- Coat of arms
- Interactive map of Gmina Strzegowo
- Coordinates (Strzegowo): 52°54′N 20°17′E﻿ / ﻿52.900°N 20.283°E
- Country: Poland
- Voivodeship: Masovian
- County: Mława
- Seat: Strzegowo

Area
- • Total: 214.23 km^{2} (82.71 sq mi)

Population (2013)
- • Total: 7,802
- • Density: 36.42/km^{2} (94.32/sq mi)
- Website: http://www.strzegowo.pl

= Gmina Strzegowo =

Gmina Strzegowo is a rural gmina (administrative district) in Mława County, Masovian Voivodeship, in east-central Poland. Its seat is the village of Strzegowo, which lies approximately 25 km south-west of Mława and 89 km (55 mi) north-west of Warsaw.
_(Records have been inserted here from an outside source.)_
(* Let $G_1,\dots,G_r$ and $H_1,\dots,H_r$ be finite simple graphs, $S=\bigoplus_{d=1}^r\widehat{G_d}\otimes\mathcal{C}_d$ and $T=\bigoplus_{d=1}^r\widehat{H_d}\otimes\mathcal{C}_d$. The following are equivalent: (1) $T\le S$; (2) there exist a function $\varphi:\bigsqcup_{d=1}^rV(H_d)\to\bigsqcup_{d=1}^rV(G_d)$ and isometries $U_h:\mathbb{C}^{\pi(h)}\to\mathbb{C}^{\pi(\varphi(h))}$ for $h\in\bigsqcup_{d}V(H_d)$ such that for all $h,h'$: if $h\not\simeq h'$ then ($\varphi(h)\not\simeq\varphi(h')$ or $U_h^*U_{h'}=0$); and if $h\simeq h'$ and $\varphi(h)\simeq\varphi(h')$ then $U_h^*U_{h'}=cI_{\pi(h)}$ for some $c\in\mathbb{C}$.
   Context: A noncommutative graph is a subspace $S\subseteq B(\mathcal{H})$ ($\mathcal{H}$ finite-dimensional complex Hilbert space) with $I\in S$, $S^*=S$. A cohomomorphism from $T\subseteq B(\mathcal{K})$ to $S\subseteq B(\mathcal{H})$ is a finite family of linear maps $E_i:\mathcal{K}\to\mathcal{H}$ with $\sum_iE_i^*E_i=I$ and $E_i^*SE_j\subseteq T$ for all $i,j$; write $T\le S$ if one exists. Tensor product and direct sum of noncommutative graphs are $\operatorname{span}\{A\otimes B\}$ and $\{A\oplus B\}$. For a finite simple graph $G$, $\widehat{G}=\operatorname{span}\{|x\rangle\langle x'|:x,x'\in V(G),\ x=x'\text{ or }x\sim x'\}\subseteq B(\mathbb{C}^{V(G)})$; $\mathcal{C}_d=\mathbb{C}I\subseteq B(\mathbb{C}^d)$. For a direct sum $\bigoplus_{d=1}^r\widehat{G_d}\otimes\mathcal{C}_d$, $\pi:\bigsqcup_dV(G_d)\to\{1,\dots,r\}$ sends $g\in V(G_d)$ to $d$, and for $g\in V(G_d)$, $g'\in V(G_{d'})$ we write $g\simeq g'$ iff $d=d'$ and $g,g'$ are equal or adjacent in $G_d$ (similarly for the $H_d$). *)

theory Defs
  imports "Jordan_Normal_Form.Schur_Decomposition"
begin

text \<open>Matrices over the complex numbers represent operators on finite-dimensional
  Hilbert spaces; a noncommutative graph on C^n is a set of n x n matrices.\<close>

definition cohom :: "complex mat set \<Rightarrow> nat \<Rightarrow> complex mat set \<Rightarrow> nat \<Rightarrow> bool" where
  "cohom T k S n \<longleftrightarrow> (\<exists>Es :: complex mat list.
      (\<forall>E\<in>set Es. E \<in> carrier_mat n k) \<and>
      foldr (+) (map (\<lambda>E. mat_adjoint E * E) Es) (0\<^sub>m k k) = 1\<^sub>m k \<and>
      (\<forall>Ei\<in>set Es. \<forall>Ej\<in>set Es. \<forall>A\<in>S. mat_adjoint Ei * A * Ej \<in> T))"

text \<open>Kronecker product A (x) B (basis of C^a (x) C^b indexed by i*b + k).\<close>
definition kron :: "complex mat \<Rightarrow> complex mat \<Rightarrow> complex mat" where
  "kron A B = mat (dim_row A * dim_row B) (dim_col A * dim_col B)
     (\<lambda>(i,j). A $$ (i div dim_row B, j div dim_col B) * B $$ (i mod dim_row B, j mod dim_col B))"

text \<open>Graph G on vertex set {0..<n} with adjacency E:
  G-hat = span of |x><x'| with x = x' or x ~ x'.\<close>
definition ghat :: "nat \<Rightarrow> (nat \<Rightarrow> nat \<Rightarrow> bool) \<Rightarrow> complex mat set" where
  "ghat n E = {A \<in> carrier_mat n n. \<forall>x<n. \<forall>x'<n. A $$ (x,x') \<noteq> 0 \<longrightarrow> x = x' \<or> E x x'}"

definition cI :: "nat \<Rightarrow> complex mat set" where
  "cI d = {c \<cdot>\<^sub>m 1\<^sub>m d | c. True}"

definition ncg_tensor :: "nat \<Rightarrow> complex mat set \<Rightarrow> nat \<Rightarrow> complex mat set \<Rightarrow> complex mat set" where
  "ncg_tensor a S b T = {foldr (+) (map (\<lambda>(c,A,B). c \<cdot>\<^sub>m kron A B) L) (0\<^sub>m (a*b) (a*b)) | L.
      \<forall>(c,A,B)\<in>set L. A \<in> S \<and> B \<in> T}"

fun block_diag :: "complex mat list \<Rightarrow> complex mat" where
  "block_diag [] = 0\<^sub>m 0 0"
| "block_diag (A # As) = (let B = block_diag As in
     four_block_mat A (0\<^sub>m (dim_row A) (dim_col B)) (0\<^sub>m (dim_row B) (dim_col A)) B)"

definition ncg_dsum :: "nat \<Rightarrow> (nat \<Rightarrow> complex mat set) \<Rightarrow> complex mat set" where
  "ncg_dsum r S = {block_diag (map M [1..<r+1]) | M. \<forall>d\<in>{1..r}. M d \<in> S d}"

text \<open>The noncommutative graph bigoplus_{d=1}^r G_d-hat (x) C_d, where G_d has
  vertex set {0..<n d} and adjacency E d.\<close>
definition ncg_S :: "nat \<Rightarrow> (nat \<Rightarrow> nat) \<Rightarrow> (nat \<Rightarrow> nat \<Rightarrow> nat \<Rightarrow> bool) \<Rightarrow> complex mat set" where
  "ncg_S r n E = ncg_dsum r (\<lambda>d. ncg_tensor (n d) (ghat (n d) (E d)) d (cI d))"

definition ncg_dim :: "nat \<Rightarrow> (nat \<Rightarrow> nat) \<Rightarrow> nat" where
  "ncg_dim r n = (\<Sum>d\<in>{1..r}. n d * d)"

text \<open>Disjoint union of the vertex sets: pairs (d, x) with 1 <= d <= r, x < n d;
  pi (d, x) = d.\<close>
definition vtx :: "nat \<Rightarrow> (nat \<Rightarrow> nat) \<Rightarrow> (nat \<times> nat) set" where
  "vtx r n = {(d, x). d \<in> {1..r} \<and> x < n d}"

definition piv :: "nat \<times> nat \<Rightarrow> nat" where
  "piv g = fst g"

definition simeq :: "(nat \<Rightarrow> nat \<Rightarrow> nat \<Rightarrow> bool) \<Rightarrow> nat \<times> nat \<Rightarrow> nat \<times> nat \<Rightarrow> bool" where
  "simeq E g g' \<longleftrightarrow> fst g = fst g' \<and> (snd g = snd g' \<or> E (fst g) (snd g) (snd g'))"

definition simple_graph :: "nat \<Rightarrow> (nat \<Rightarrow> nat \<Rightarrow> bool) \<Rightarrow> bool" where
  "simple_graph n E \<longleftrightarrow> (\<forall>x<n. \<not> E x x) \<and> (\<forall>x<n. \<forall>y<n. E x y \<longleftrightarrow> E y x)"

end

(*
  Both noncommutative graphs are block diagonal.  Writing C^(ncg_dim r n) as the direct
  sum, over the vertices g = (d, x), of copies of C^d, an operator lies in ncg_S exactly
  when its (g, g')-block is a scalar multiple of the identity if g ~ g' and zero otherwise.

  Given phi and the isometries U h, the operators E_h = |phi h><h| (x) U h form a
  cohomomorphism: sum_h E_h^* E_h = I, and the only nonzero block of E_h^* X E_h' is the
  (h, h')-block U_h^* X_(phi h, phi h') U_h', which the conditions on U make scalar or zero
  as required.

  Conversely, let (E_i) be a cohomomorphism.  Since sum_i E_i^* E_i = I, every vertex h has
  some E_i and some vertex phi h such that the block V_h of E_i at (phi h, h) is nonzero.
  If phi h ~ phi h', the operator |phi h><phi h'| (x) I lies in ncg_S, and the
  (h, h')-block of its image E_i^* (...) E_j is V_h^* V_h'; hence V_h^* V_h' is scalar if
  h ~ h' and zero otherwise.  In particular V_h^* V_h is a positive multiple of I, and
  U h is V_h normalised.
*)
theory Submission
  imports Defs
begin

lemma sum_sum_eq_single:
  assumes "finite A" "finite B" "a \<in> A" "b \<in> B"
    and "\<And>x y. x \<in> A \<Longrightarrow> y \<in> B \<Longrightarrow> (x, y) \<noteq> (a, b) \<Longrightarrow> f x y = 0"
  shows "(\<Sum>x\<in>A. \<Sum>y\<in>B. f x y) = f a b"
proof -
  have "(\<Sum>y\<in>B. f x y) = (if x = a then f a b else 0)" if "x \<in> A" for x
  proof -
    have "(\<Sum>y\<in>B. f x y) = (\<Sum>y\<in>B. if y = b then (if x = a then f a b else 0) else 0)"
      using assms(5) that by (intro sum.cong refl) auto
    then show ?thesis
      using assms(2,4) by simp
  qed
  then show ?thesis
    using assms(1,3) by simp
qed

lemma mat_adjoint_carrier: "A \<in> carrier_mat n k \<Longrightarrow> mat_adjoint A \<in> carrier_mat k n"
  unfolding mat_adjoint_def by auto

lemma dim_mat_adjoint [simp]:
  "dim_row (mat_adjoint A) = dim_col A" "dim_col (mat_adjoint A) = dim_row A"
  unfolding mat_adjoint_def by simp_all

lemma index_mat_adjoint:
  "A \<in> carrier_mat n k \<Longrightarrow> i < k \<Longrightarrow> j < n \<Longrightarrow> mat_adjoint A $$ (i, j) = cnj (A $$ (j, i))"
  unfolding mat_adjoint_def by (auto simp: mat_of_rows_index)

lemma index_mult_mat_sum:
  assumes "A \<in> carrier_mat m n" "B \<in> carrier_mat n k" "i < m" "j < k"
  shows "(A * B) $$ (i, j) = (\<Sum>a<n. A $$ (i, a) * B $$ (a, j))"
  using assms by (auto simp: scalar_prod_def intro!: sum.cong)

lemma index_adjoint_mult:
  assumes "A \<in> carrier_mat n m1" "B \<in> carrier_mat n m2" "i < m1" "j < m2"
  shows "(mat_adjoint A * B) $$ (i, j) = (\<Sum>a<n. cnj (A $$ (a, i)) * B $$ (a, j))"
  unfolding index_mult_mat_sum[OF mat_adjoint_carrier[OF assms(1)] assms(2-4)]
  using assms by (intro sum.cong) (auto simp: index_mat_adjoint)

lemma index_adjoint_mult_mult:
  assumes "A \<in> carrier_mat n1 m1" "X \<in> carrier_mat n1 n2" "B \<in> carrier_mat n2 m2" "i < m1" "j < m2"
  shows "(mat_adjoint A * X * B) $$ (i, j) =
    (\<Sum>b<n2. \<Sum>a<n1. cnj (A $$ (a, i)) * X $$ (a, b) * B $$ (b, j))"
proof -
  have AX: "mat_adjoint A * X \<in> carrier_mat m1 n2"
    using mat_adjoint_carrier[OF assms(1)] assms(2) by simp
  show ?thesis
    unfolding index_mult_mat_sum[OF AX assms(3-5)]
    using assms
    by (intro sum.cong) (simp_all del: index_mult_mat add: index_adjoint_mult[OF assms(1,2)] sum_distrib_right)
qed

lemma foldr_add_mat:
  assumes "\<forall>x\<in>set xs. f x \<in> carrier_mat m n"
  shows "foldr (+) (map f xs) (0\<^sub>m m n) \<in> carrier_mat m n"
    and "i < m \<Longrightarrow> j < n \<Longrightarrow> foldr (+) (map f xs) (0\<^sub>m m n) $$ (i, j) = (\<Sum>x\<leftarrow>xs. f x $$ (i, j))"
  using assms by (induction xs) auto

lemma mat_adjoint_zero [simp]: "mat_adjoint (0\<^sub>m n m) = (0\<^sub>m m n :: complex mat)"
  by (rule eq_matI) (auto simp: index_mat_adjoint[of _ n m])

lemma mult_smult_one_mult:
  fixes A B :: "'a :: comm_semiring_1 mat"
  assumes "A \<in> carrier_mat m n" "B \<in> carrier_mat n k"
  shows "A * (c \<cdot>\<^sub>m 1\<^sub>m n) * B = c \<cdot>\<^sub>m (A * B)"
proof -
  have "A * (c \<cdot>\<^sub>m 1\<^sub>m n) = c \<cdot>\<^sub>m A"
    using assms(1) by (simp add: mult_smult_distrib[OF assms(1) one_carrier_mat[of n]])
  then show ?thesis
    using assms by (simp add: mult_smult_assoc_mat)
qed

definition col_norm :: "complex mat \<Rightarrow> nat \<Rightarrow> real" where
  "col_norm V j = sqrt (\<Sum>i<dim_row V. (cmod (V $$ (i, j)))\<^sup>2)"

lemma index_adjoint_mult_self:
  assumes "j < dim_col V"
  shows "(mat_adjoint V * V) $$ (j, j) = of_real ((col_norm V j)\<^sup>2)"
proof -
  have "(mat_adjoint V * V) $$ (j, j) = (\<Sum>i<dim_row V. cnj (V $$ (i, j)) * V $$ (i, j))"
    using assms by (intro index_adjoint_mult) auto
  also have "\<dots> = (\<Sum>i<dim_row V. of_real ((cmod (V $$ (i, j)))\<^sup>2))"
    by (intro sum.cong refl) (metis complex_norm_square mult.commute)
  also have "\<dots> = of_real ((col_norm V j)\<^sup>2)"
    by (simp add: col_norm_def sum_nonneg)
  finally show ?thesis .
qed

lemma col_norm_pos: "i < dim_row V \<Longrightarrow> V $$ (i, j) \<noteq> 0 \<Longrightarrow> 0 < col_norm V j"
  unfolding col_norm_def by (intro real_sqrt_gt_zero sum_pos2[of _ i]) auto
lemma spectral_matrix_mult:
  assumes "orthonormal_basis u"
  shows "spectral_matrix u f ** spectral_matrix u g = spectral_matrix u (\<lambda>k. f k * g k)"
  unfolding matrix_eq
proof
  fix v
  have "(spectral_matrix u f ** spectral_matrix u g) *v v = spectral_matrix u f *v (spectral_matrix u g *v v)"
    by (simp add: matrix_vector_mul_assoc)
  also have "\<dots> = spectral_matrix u (\<lambda>k. f k * g k) *v v"
    by (simp add: spectral_matrix_mult_vector[of u f] spectral_matrix_coeff[OF assms]
        spectral_matrix_mult_vector[of u "\<lambda>k. f k * g k"] mult.assoc)
  finally show "(spectral_matrix u f ** spectral_matrix u g) *v v = spectral_matrix u (\<lambda>k. f k * g k) *v v" .
qed

lemma spectral_matrix_one:
  assumes "orthonormal_basis u"
  shows "spectral_matrix u (\<lambda>k. 1) = mat 1"
  unfolding matrix_eq
  using orthonormal_basis_expansion[OF assms] by (simp add: spectral_matrix_mult_vector)

lemma spectral_matrix_add: "spectral_matrix u (\<lambda>k. f k + g k) = spectral_matrix u f + spectral_matrix u g"
  unfolding spectral_matrix_def by (simp add: scaleR_add_left sum.distrib)

lemma spectral_matrix_scaleR: "spectral_matrix u (\<lambda>k. c * f k) = c *\<^sub>R spectral_matrix u f"
  unfolding spectral_matrix_def by (simp add: scaleR_sum_right)
text \<open>Away from the defect core \<open>\<Lambda>\<close> is the lattice \<open>A \<int>\<^sup>d\<close>, and translating the standard
  lattice walk from \<open>0\<close> to \<open>\<ell>\<^sub>2 - \<ell>\<^sub>1\<close> (steps \<open>\<plusminus>A e\<^sub>i\<close>, length \<open>O(|\<ell>\<^sub>1 - \<ell>\<^sub>2|)\<close>) to start at \<open>\<ell>\<^sub>1\<close>
  gives a nearest-neighbour path whenever the translate stays away from the core. For such
  pairs, \<open>\<ell>\<close> lies on the path iff \<open>\<ell>\<^sub>1 = \<ell> - y\<close> for a vertex \<open>y\<close> of the walk, so there are
  \<open>O(n\<^sup>d\<^sup>-\<^sup>1)\<close> lattice vectors \<open>\<ell>\<^sub>2 - \<ell>\<^sub>1\<close> in the shell times \<open>O(n)\<close> choices of \<open>y\<close>.
  The remaining pairs (an endpoint near the core, or a translated walk passing near it)
  number \<open>O(n\<^sup>d)\<close> independently of \<open>\<ell>\<close>; for them any path of linear length will do, and
  such paths exist by greedily moving to a Voronoi neighbour closer to the target.
  All counting reduces to a volume packing bound for uniformly separated points. The
  argument works in every dimension.\<close>

section \<open>Packing bounds\<close>

lemma card_mult_measure_ball_le:
  fixes P :: "'a::euclidean_space set"
  assumes fin: "finite P" and e: "e > 0"
    and sep: "\<And>p q. p \<in> P \<Longrightarrow> q \<in> P \<Longrightarrow> p \<noteq> q \<Longrightarrow> 2 * e \<le> dist p q"
    and sub: "\<And>p. p \<in> P \<Longrightarrow> ball p e \<subseteq> V" and V: "V \<in> fmeasurable lborel"
  shows "real (card P) * measure lborel (ball (0::'a) e) \<le> measure lborel V"
proof -
  have disj: "disjoint_family_on (\<lambda>p. ball p e) P"
    unfolding disjoint_family_on_def
  proof (intro ballI impI)
    fix p q assume "p \<in> P" "q \<in> P" "p \<noteq> q"
    then have "2 * e \<le> dist p q" using sep by auto
    then show "ball p e \<inter> ball q e = {}"
      by (auto simp: ball_def) (metis dist_commute dist_triangle less_le_not_le add_strict_mono mult_2 order.trans)
  qed
  have "real (card P) * measure lborel (ball (0::'a) e) = (\<Sum>p\<in>P. measure lborel (ball p e))"
    using e by (simp add: content_ball)
  also have "\<dots> = measure lborel (\<Union>p\<in>P. ball p e)"
    by (rule measure_finite_Union[OF fin, symmetric]) (use disj emeasure_lborel_ball_finite in \<open>auto simp: less_top\<close>)
  also have "\<dots> \<le> measure lborel V"
    using fin sub V by (intro measure_mono_fmeasurable) auto
  finally show ?thesis .
qed

lemma card_separated_in_annulus:
  fixes P :: "'a::euclidean_space set"
  assumes e: "e > 0"
    and sep: "\<And>p q. p \<in> P \<Longrightarrow> q \<in> P \<Longrightarrow> p \<noteq> q \<Longrightarrow> 2 * e \<le> dist p q"
    and ab: "a \<le> b" "0 \<le> b"
    and sub: "\<And>p. p \<in> P \<Longrightarrow> a < dist c p \<and> dist c p \<le> b"
  shows "finite P \<and> real (card P) * e ^ DIM('a) \<le> (b + e) ^ DIM('a) - (max 0 (a - e)) ^ DIM('a)"
proof -
  define a' where "a' = max 0 (a - e)"
  define V where "V = cball c (b + e) - ball c a'"
  define w where "w = unit_ball_vol DIM('a)"
  have w: "w > 0" by (simp add: w_def)
  have a': "0 \<le> a'" "a' \<le> b + e" using ab e by (auto simp: a'_def)
  have V: "V \<in> fmeasurable lborel"
    unfolding V_def by (intro fmeasurable_Diff fmeasurableI) (use emeasure_lborel_cball_finite[of c "b + e"] in auto)
  have measure_V: "measure lborel V = w * ((b + e) ^ DIM('a) - a' ^ DIM('a))"
  proof -
    have "measure lborel V = measure lborel (cball c (b + e)) - measure lborel (ball c a')"
      unfolding V_def
      by (rule measure_Diff) (use a' emeasure_lborel_cball_finite[of c "b + e"] in \<open>auto simp: less_top\<close>)
    then show ?thesis using a' e ab by (simp add: content_ball content_cball w_def algebra_simps)
  qed
  have ball_sub: "ball p e \<subseteq> V" if "p \<in> P" for p
  proof
    fix x assume "x \<in> ball p e"
    then have "dist p x < e" by auto
    moreover have "dist c x \<le> dist c p + dist p x" "dist c p \<le> dist c x + dist p x"
      using dist_triangle[of c x p] dist_triangle[of c p x] by (simp_all add: dist_commute)
    ultimately have "dist c x \<le> b + e" "a - e \<le> dist c x" using sub[OF that] by linarith+
    then show "x \<in> V" by (simp add: V_def a'_def not_less)
  qed
  have bound: "real (card G) * e ^ DIM('a) \<le> (b + e) ^ DIM('a) - a' ^ DIM('a)"
    if "G \<subseteq> P" "finite G" for G
  proof -
    have "real (card G) * measure lborel (ball (0::'a) e) \<le> measure lborel V"
      using that sep ball_sub by (intro card_mult_measure_ball_le[OF _ e _ _ V]) blast+
    then have "w * (real (card G) * e ^ DIM('a)) \<le> w * ((b + e) ^ DIM('a) - a' ^ DIM('a))"
      using e by (simp add: content_ball measure_V w_def algebra_simps)
    then show ?thesis using w by simp
  qed
  have "finite P \<and> card P \<le> nat \<lceil>((b + e) ^ DIM('a) - a' ^ DIM('a)) / e ^ DIM('a)\<rceil>"
  proof (rule finite_if_finite_subsets_card_bdd)
    fix G assume "G \<subseteq> P" "finite G"
    then have "real (card G) \<le> ((b + e) ^ DIM('a) - a' ^ DIM('a)) / e ^ DIM('a)"
      using bound e by (simp add: pos_le_divide_eq)
    then show "card G \<le> nat \<lceil>((b + e) ^ DIM('a) - a' ^ DIM('a)) / e ^ DIM('a)\<rceil>"
      by linarith
  qed
  then show ?thesis using bound[of P] by (simp add: a'_def)
qed

lemma power_diff_le_mult:
  fixes x y :: real
  assumes "0 \<le> y" "y \<le> x"
  shows "x ^ k - y ^ k \<le> real k * (x - y) * x ^ (k - 1)"
proof (induction k)
  case (Suc k)
  have "y ^ k \<le> x ^ k" using assms by (simp add: power_mono)
  have "x ^ Suc k - y ^ Suc k = x * (x ^ k - y ^ k) + (x - y) * y ^ k" by (simp add: algebra_simps)
  also have "\<dots> \<le> x * (real k * (x - y) * x ^ (k - 1)) + (x - y) * x ^ k"
    using Suc assms \<open>y ^ k \<le> x ^ k\<close> by (intro add_mono mult_left_mono) auto
  also have "\<dots> = real (Suc k) * (x - y) * x ^ k"
    by (cases k) (simp_all add: algebra_simps)
  finally show ?case by simp
qed simp

lemma annulus_power_diff_le:
  fixes r e :: real and d :: nat
  assumes r: "1 \<le> r" and e: "0 < e" and d: "1 \<le> d"
  shows "(r + e) ^ d - (max 0 (r - 1 - e)) ^ d \<le> real d * (1 + 2 * e) * (1 + e) ^ (d - 1) * r ^ (d - 1)"
proof -
  have "(r + e) ^ (d - 1) \<le> ((1 + e) * r) ^ (d - 1)"
    using r e by (intro power_mono) (auto simp: algebra_simps)
  then have pw: "(r + e) ^ (d - 1) \<le> (1 + e) ^ (d - 1) * r ^ (d - 1)"
    by (simp add: power_mult_distrib)
  have "(r + e) ^ d - (max 0 (r - 1 - e)) ^ d \<le> real d * (1 + 2 * e) * (r + e) ^ (d - 1)"
  proof (cases "r - 1 - e \<le> 0")
    case True
    have "(r + e) ^ d = (r + e) * (r + e) ^ (d - 1)" using d power_minus_mult[of d "r + e"] by (simp add: mult.commute)
    also have "\<dots> \<le> real d * (1 + 2 * e) * (r + e) ^ (d - 1)"
      using True d r e by (intro mult_right_mono) (auto intro: order.trans[of _ "1 + 2 * e"])
    finally show ?thesis using True d by (simp add: power_0_left)
  next
    case False
    then show ?thesis using power_diff_le_mult[of "r - 1 - e" "r + e" d] e by (simp add: add.commute)
  qed
  also have "\<dots> \<le> real d * (1 + 2 * e) * ((1 + e) ^ (d - 1) * r ^ (d - 1))"
    using pw e by (intro mult_left_mono) auto
  finally show ?thesis by (simp add: mult.assoc)
qed

section \<open>The lattice \<open>A \<int>\<^sup>d\<close>\<close>

definition int_vecs :: "(real^'n) set" where
  "int_vecs = {z. \<forall>i. z $ i \<in> \<int>}"

lemma norm_ge_1_if_int_vec:
  assumes "z \<in> int_vecs" "z \<noteq> 0"
  shows "1 \<le> norm z"
proof -
  obtain i where "z $ i \<noteq> 0" using assms(2) by (metis vec_eq_iff zero_index)
  moreover obtain k where "z $ i = of_int k" using assms(1) by (auto simp: int_vecs_def elim: Ints_cases)
  ultimately have "1 \<le> \<bar>z $ i\<bar>" by auto
  then show ?thesis using component_le_norm_cart[of z i] by linarith
qed

lemma hom_lattice_eq_image: "hom_lattice A = (\<lambda>z. A *v z) ` int_vecs"
  by (auto simp: hom_lattice_def int_vecs_def)

lemma hom_lattice_add:
  assumes "x \<in> hom_lattice A" "y \<in> hom_lattice A"
  shows "x + y \<in> hom_lattice A"
proof -
  obtain zx zy where "x = A *v zx" "y = A *v zy" "\<forall>i. zx $ i \<in> \<int>" "\<forall>i. zy $ i \<in> \<int>"
    using assms by (auto simp: hom_lattice_def)
  then show ?thesis
    by (auto simp: hom_lattice_def matrix_vector_right_distrib intro!: exI[of _ "zx + zy"])
qed

lemma hom_lattice_diff:
  assumes "x \<in> hom_lattice A" "y \<in> hom_lattice A"
  shows "x - y \<in> hom_lattice A"
proof -
  obtain zx zy where "x = A *v zx" "y = A *v zy" "\<forall>i. zx $ i \<in> \<int>" "\<forall>i. zy $ i \<in> \<int>"
    using assms by (auto simp: hom_lattice_def)
  then show ?thesis
    by (auto simp: hom_lattice_def matrix_vector_mult_diff_distrib intro!: exI[of _ "zx - zy"])
qed

lemma norm_matrix_vector_le:
  "norm (A *v u) \<le> (\<Sum>i\<in>UNIV. \<bar>u $ i\<bar> * norm (A *v axis i (1::real)))"
proof -
  have "A *v u = A *v (\<Sum>i\<in>UNIV. u $ i *\<^sub>R axis i 1)"
    using basis_expansion[of u] by (simp add: scalar_mult_eq_scaleR)
  also have "\<dots> = (\<Sum>i\<in>UNIV. u $ i *\<^sub>R (A *v axis i 1))"
    by (simp add: linear_sum[OF matrix_vector_mul_linear] matrix_vector_mult_scaleR)
  finally have "norm (A *v u) = norm (\<Sum>i\<in>UNIV. u $ i *\<^sub>R (A *v axis i 1))" by simp
  also have "\<dots> \<le> (\<Sum>i\<in>UNIV. norm (u $ i *\<^sub>R (A *v axis i 1)))" by (rule norm_sum)
  finally show ?thesis by simp
qed

locale invertible_lattice =
  fixes A :: "real^'n^'n"
  assumes invertible: "invertible A"
begin

abbreviation L :: "(real^'n) set" where "L \<equiv> hom_lattice A"

definition cover_radius :: real where
  "cover_radius = (\<Sum>i\<in>UNIV. norm (A *v axis i 1))"

text \<open>The summand \<open>1\<close> in \<open>inv_bound\<close> only makes it positive.\<close>

definition inv_bound :: real where
  "inv_bound = onorm ((*v) (matrix_inv A)) + 1"

definition pack_radius :: real where
  "pack_radius = 1 / (2 * inv_bound)"

definition shell_const :: real where
  "shell_const = real CARD('n) * (1 + 2 * pack_radius) * (1 + pack_radius) ^ (CARD('n) - 1)
                   / pack_radius ^ CARD('n)"

lemma cover_radius_nonneg: "0 \<le> cover_radius"
  by (simp add: cover_radius_def sum_nonneg)

lemma norm_axis_le_cover_radius: "norm (A *v axis i 1) \<le> cover_radius"
  unfolding cover_radius_def by (rule member_le_sum) auto

lemma matrix_inv_mult: "matrix_inv A ** A = mat 1" "A ** matrix_inv A = mat 1"
  using someI_ex[OF invertible[unfolded invertible_def]] by (auto simp: matrix_inv_def)

lemma inv_bound_pos: "inv_bound > 0"
  using onorm_pos_le[OF matrix_vector_mul_bounded_linear, of "matrix_inv A"]
  unfolding inv_bound_def by linarith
The gmina covers an area of 214.23 km2, and as of 2006 its total population is 7,902 (7,802 in 2013).

==Villages==
Gmina Strzegowo contains the villages and settlements of Adamowo, Aleksandrowo, Augustowo, Baranek, Breginie, Budy Budzkie, Budy Giżyńskie, Budy Kowalewkowskie, Budy Mdzewskie, Budy Polskie, Budy Strzegowskie, Budy Sułkowskie, Budy Wolińskie, Budy-Zofijki, Chądzyny-Krusze, Chądzyny-Kuski, Czarnocin, Czarnocinek, Dąbrowa, Dalnia, Drogiszka, Drogiszka-Tartak, Gatka, Giełczyn, Giełczynek, Giżyn, Giżynek, Huta Emilia, Ignacewo, Józefowo, Konotopa, Kontrewers, Kowalewko, Kozłowo, Kuskowo Kmiece, Kuskowo-Bzury, Kuskowo-Glinki, Łebki, Leszczyna, Mączewo, Marianowo, Marysinek, Mdzewko, Mdzewo, Niedzbórz, Nowa Maryśka, Nowiny Giżyńskie, Nowopole, Parówki, Pokrytki, Prusocin, Radzimowice, Rudowo, Rydzyn Szlachecki, Rydzyn Włościański, Smętne, Stara Maryśka, Staroguby, Strzegowo, Sujki, Sułkowo Borowe, Sułkowo Polne, Syberia, Szachowo, Szymańczyki, Topolewszczyzna, Tuchowo, Unierzyż, Unikowo, Wola Kanigowska, Zabiele and Zalesie.

==Neighbouring gminas==
Gmina Strzegowo is bordered by the gminas of Ciechanów, Glinojeck, Raciąż, Radzanów, Regimin, Stupsk, Szreńsk and Wiśniewo.